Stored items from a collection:
========================

(* Let $q$ be a power of an odd prime $p$, $e\ge 2$, $r$ a positive integer, $a\in\mathbb{F}_{q^e}$ with $a\neq 0$, $f(x)=x^r(x^{q-1}+a)$, and $\ell=q^{e-1}+\cdots+q+1$. If $r\bmod\ell=hq+1$ for an integer $h$ with $p\nmid h$, then $f(x)$ does not permute $\mathbb{F}_{q^e}$.
   Context: $r\bmod\ell$ denotes the least nonnegative residue of $r$ modulo $\ell$. *)

theory Defs
  imports "HOL-Computational_Algebra.Primes"
begin

end

theory Submission
  imports Defs "HOL-Computational_Algebra.Polynomial" "HOL-Number_Theory.Residues" "HOL-Library.Cardinality"
begin

(* Hermite's criterion: if f permutes a field with Q = q^e elements, then the sum of f(x)^t over
   the field vanishes for 0 < t < Q - 1.  Take t = 2 (N - 1) with N = q^(e-1).  As N is a power of
   the characteristic, (u + a)^(N - 1) = sum_{i<N} u^i (-a)^(N-1-i), so f(x)^t is a combination
   of the monomials x^((q-1)(2 L r + i + j)), i, j < N, where (q - 1) L = N - 1.  Summing over the
   field keeps exactly the monomials whose exponent is divisible by Q - 1 = (q - 1) l, where
   l = L + N; since r = h q + 1 (mod l), these are the pairs with i + j = sigma := N + 2 h - L.
   There are sigma + 1 or 2 N - 1 - sigma of them, i.e. +-2h modulo p, so the sum is nonzero. *)

lemma finite_field_power_card_minus_1:
  fixes x :: "'a :: {field, finite}"
  assumes "x \<noteq> 0"
  shows "x ^ (CARD('a) - 1) = 1"
proof -
  have "x ^ (CARD('a) - 1) * \<Prod>(UNIV - {0}) = (\<Prod>y\<in>UNIV - {0}. x * y)"
    by (simp add: prod.distrib card_Diff_singleton)
  also have "\<dots> = \<Prod>(UNIV - {0 :: 'a})"
    by (rule prod.reindex_bij_witness[of _ "\<lambda>y. y / x" "\<lambda>y. x * y"]) (use assms in auto)
  finally show ?thesis
    by simp
qed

========================

YOUR GOAL —
Write out again exactly the lines that run from the one holding "of the monomials" through the last line of the data; omit all other lines.

SOLUTION FOR THIS TASK —
   of the monomials x^((q-1)(2 L r + i + j)), i, j < N, where (q - 1) L = N - 1.  Summing over the
   field keeps exactly the monomials whose exponent is divisible by Q - 1 = (q - 1) l, where
   l = L + N; since r = h q + 1 (mod l), these are the pairs with i + j = sigma := N + 2 h - L.
   There are sigma + 1 or 2 N - 1 - sigma of them, i.e. +-2h modulo p, so the sum is nonzero. *)

lemma finite_field_power_card_minus_1:
  fixes x :: "'a :: {field, finite}"
  assumes "x \<noteq> 0"
  shows "x ^ (CARD('a) - 1) = 1"
proof -
  have "x ^ (CARD('a) - 1) * \<Prod>(UNIV - {0}) = (\<Prod>y\<in>UNIV - {0}. x * y)"
    by (simp add: prod.distrib card_Diff_singleton)
  also have "\<dots> = \<Prod>(UNIV - {0 :: 'a})"
    by (rule prod.reindex_bij_witness[of _ "\<lambda>y. y / x" "\<lambda>y. x * y"]) (use assms in auto)
  finally show ?thesis
    by simp
qed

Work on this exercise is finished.